(Records drawn from a dataset)
lemma affine_minus_quad_form_bound:
  assumes "linear l"
  obtains K where "K > 0" "\<And>x. \<bar>\<kappa> + l x - quad_form B x\<bar> \<le> K * (1 + (norm x)\<^sup>2)"
proof -
  obtain Kl where Kl: "Kl > 0" "\<And>x. norm (l x) \<le> Kl * norm x"
    using linear_bounded_pos assms by blast
  obtain KB where KB: "KB > 0" "\<And>x. norm (B *v x) \<le> KB * norm x"
    using linear_bounded_pos[OF matrix_vector_mul_linear[of B]] by blast
  have "\<bar>\<kappa> + l x - quad_form B x\<bar> \<le> (\<bar>\<kappa>\<bar> + Kl + KB) * (1 + (norm x)\<^sup>2)" for x
  proof -
    have "\<bar>quad_form B x\<bar> \<le> norm x * norm (B *v x)"
      unfolding quad_form_def by (rule Cauchy_Schwarz_ineq2)
    also have "\<dots> \<le> KB * (norm x)\<^sup>2"
      using mult_left_mono[OF KB(2)[of x] norm_ge_zero[of x]] by (simp add: power2_eq_square mult_ac)
    also have "\<dots> \<le> KB * (1 + (norm x)\<^sup>2)"
      using KB(1) by simp
    finally have Q: "\<bar>quad_form B x\<bar> \<le> KB * (1 + (norm x)\<^sup>2)" .
    have "norm x \<le> 1 + (norm x)\<^sup>2"
      using zero_le_power2[of "norm x - 1"]
      by (simp add: power2_diff) (use norm_ge_zero[of x] in linarith)
    then have "Kl * norm x \<le> Kl * (1 + (norm x)\<^sup>2)"
      using Kl(1) by simp
    then have L: "\<bar>l x\<bar> \<le> Kl * (1 + (norm x)\<^sup>2)"
      using Kl(2)[of x] by simp
    have "\<bar>\<kappa> + l x - quad_form B x\<bar> \<le> \<bar>\<kappa>\<bar> + \<bar>l x\<bar> + \<bar>quad_form B x\<bar>"
      using abs_triangle_ineq[of "\<kappa> + l x" "- quad_form B x"] abs_triangle_ineq[of \<kappa> "l x"] by simp
    moreover have "(\<bar>\<kappa>\<bar> + Kl + KB) * (1 + (norm x)\<^sup>2)
        = \<bar>\<kappa>\<bar> + \<bar>\<kappa>\<bar> * (norm x)\<^sup>2 + Kl * (1 + (norm x)\<^sup>2) + KB * (1 + (norm x)\<^sup>2)"
      by (simp add: algebra_simps)
    moreover have "0 \<le> \<bar>\<kappa>\<bar> * (norm x)\<^sup>2"
      by simp
    ultimately show ?thesis
      using Q L by linarith
  qed
  moreover have "\<bar>\<kappa>\<bar> + Kl + KB > 0"
    using Kl KB by simp
  ultimately show ?thesis
    using that by blast
qed

lemma small_multiple_le:
  fixes s h \<epsilon> \<delta> M :: real
  assumes "0 < \<delta>" "0 < M" "s = 0 \<and> h = 0 \<or> \<delta> \<le> s" "\<bar>h\<bar> \<le> M * (1 + s)"
    and "0 \<le> \<epsilon>" "\<epsilon> \<le> \<delta> / (M * (1 + \<delta>))"
  shows "\<epsilon> * h \<le> s"
  using assms(3)
proof
  assume s: "\<delta> \<le> s"
  have "\<epsilon> * h \<le> \<epsilon> * \<bar>h\<bar>"
    using assms(5) by (simp add: mult_left_mono)
  also have "\<dots> \<le> \<delta> / (M * (1 + \<delta>)) * (M * (1 + s))"
    using assms by (intro mult_mono) auto
  also have "\<dots> = \<delta> * (1 + s) / (1 + \<delta>)"
    using assms(2) by simp
  also have "\<dots> \<le> s"
    using assms(1) s by (simp add: field_simps)
  finally show ?thesis .
qed simp

section \<open>Delaunay polytopes\<close>

locale delaunay_setting =
  fixes b :: "'n::finite \<Rightarrow> real^'n" and vert :: "'v::finite \<Rightarrow> real^'n" and v0 :: 'v
    and z :: "'v \<Rightarrow> 'n \<Rightarrow> int" and c :: "real^'n" and r :: real and s0 :: 'v and sg :: "'n \<Rightarrow> 'v"
  assumes inj_basis: "inj (\<lambda>x::real^'n. \<Sum>i\<in>UNIV. x$i *\<^sub>R b i)"
    and coords: "\<And>v. vert v - vert v0 = (\<Sum>i\<in>UNIV. of_int (z v i) *\<^sub>R b i)"
    and empty_sphere: "\<And>a. a \<in> lattice_of_basis b \<Longrightarrow> r\<^sup>2 \<le> (norm (a - c))\<^sup>2"
    and vertices_on_sphere: "range vert = {a \<in> lattice_of_basis b. (norm (a - c))\<^sup>2 = r\<^sup>2}"
    and affine_basis: "invertible ((\<chi> i k. real_of_int (z (sg k) i) - real_of_int (z s0 i)) :: real^'n^'n)"
begin

definition ell :: "real^'n \<Rightarrow> real^'n" where
  "ell x = (\<Sum>i\<in>UNIV. x$i *\<^sub>R b i)"

definition zvec :: "'v \<Rightarrow> real^'n" where
  "zvec v = (\<chi> i. real_of_int (z v i))"

definition edge_matrix :: "real^'n^'n" where
  "edge_matrix = (\<chi> i k. zvec (sg k) $ i - zvec s0 $ i)"

definition acoord :: "'v \<Rightarrow> real^'n" where
  "acoord v = matrix_inv edge_matrix *v (zvec v - zvec s0)"

definition Y_P :: "('v \<Rightarrow> int) set" where
  "Y_P = {y. (\<Sum>v\<in>UNIV. of_int (y v) *\<^sub>R vert v) = 0 \<and> sum y UNIV = 0}"

definition B_P :: "(real^'n^'n) set" where
  "B_P = {B. transpose B = B \<and>
     (\<forall>y::'v \<Rightarrow> int. (\<Sum>v\<in>UNIV. of_int (y v) *\<^sub>R vert v) = 0 \<and> sum y UNIV = 0 \<longrightarrow>
        (\<Sum>i\<in>UNIV. \<Sum>j\<in>UNIV. (\<Sum>v\<in>UNIV. of_int (y v * z v i * z v j)) * B$i$j) = 0)}"

definition form_distance :: "real^'n^'n \<Rightarrow> real^'v^'v" where
  "form_distance B = (\<chi> u v. quad_form B (zvec u - zvec v))"

abbreviation d_P :: "real^'v^'v" where
  "d_P \<equiv> delaunay_distance vert"

lemma linear_ell: "linear ell"
  unfolding ell_def[abs_def] by (rule linear_basis_lincomb)

lemma inj_ell: "inj ell"
  using inj_basis unfolding ell_def[abs_def] .

lemma vert_eq: "vert v = vert v0 + ell (zvec v)"
  using coords[of v] by (simp add: ell_def zvec_def algebra_simps)

lemma vert_on_sphere: "(norm (vert v - c))\<^sup>2 = r\<^sup>2" and vert_in_lattice: "vert v \<in> lattice_of_basis b"
  using vertices_on_sphere by blast+

lemma sum_scaleR_vert:
  "(\<Sum>v\<in>UNIV. \<beta> v *\<^sub>R vert v) = sum \<beta> UNIV *\<^sub>R vert v0 + ell (\<Sum>v\<in>UNIV. \<beta> v *\<^sub>R zvec v)"
proof -
  have "(\<Sum>v\<in>UNIV. \<beta> v *\<^sub>R vert v) = (\<Sum>v\<in>UNIV. \<beta> v *\<^sub>R vert v0 + \<beta> v *\<^sub>R ell (zvec v))"
    by (rule sum.cong[OF refl]) (metis vert_eq scaleR_add_right)
  then show ?thesis
    by (simp add: sum.distrib linear_sum[OF linear_ell] linear_scale[OF linear_ell] scaleR_sum_left)
qed

lemma mem_Y_P_iff: "y \<in> Y_P \<longleftrightarrow> sum y UNIV = 0 \<and> (\<Sum>v\<in>UNIV. of_int (y v) *\<^sub>R zvec v) = 0"
  using sum_scaleR_vert[of "\<lambda>v. of_int (y v)"] inj_ell linear_ell
  by (auto simp: Y_P_def linear_injective_0 linear_0 simp flip: of_int_sum)

lemma invertible_edge_matrix: "invertible edge_matrix"
  using affine_basis by (simp add: edge_matrix_def zvec_def)

lemma column_edge_matrix: "column k edge_matrix = zvec (sg k) - zvec s0"
  by (simp add: edge_matrix_def column_def vec_eq_iff)

lemma orthogonal_Y_P_imp_affine:
  assumes "\<And>y. y \<in> Y_P \<Longrightarrow> (\<Sum>v\<in>UNIV. of_int (y v) * g v) = 0"
  shows "g u = g s0 + acoord u \<bullet> (\<chi> k. g (sg k) - g s0)"
  unfolding acoord_def
  by (rule orthogonal_integer_dependencies_imp_affine[OF _ edge_matrix_def invertible_edge_matrix])
    (auto simp: zvec_def mem_Y_P_iff intro: assms)

lemma acoord_diff: "acoord u - acoord w = matrix_inv edge_matrix *v (zvec u - zvec w)"
  by (simp add: acoord_def matrix_vector_mult_diff_distrib)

- [TASK DESCRIPTION]:
When you find a line in the records that contains the word "also", copy it.

- [TASK ANSWER]:
    also have "\<dots> \<le> KB * (norm x)\<^sup>2"
    also have "\<dots> \<le> KB * (1 + (norm x)\<^sup>2)"
  also have "\<dots> \<le> \<delta> / (M * (1 + \<delta>)) * (M * (1 + s))"
  also have "\<dots> = \<delta> * (1 + s) / (1 + \<delta>)"
  also have "\<dots> \<le> s"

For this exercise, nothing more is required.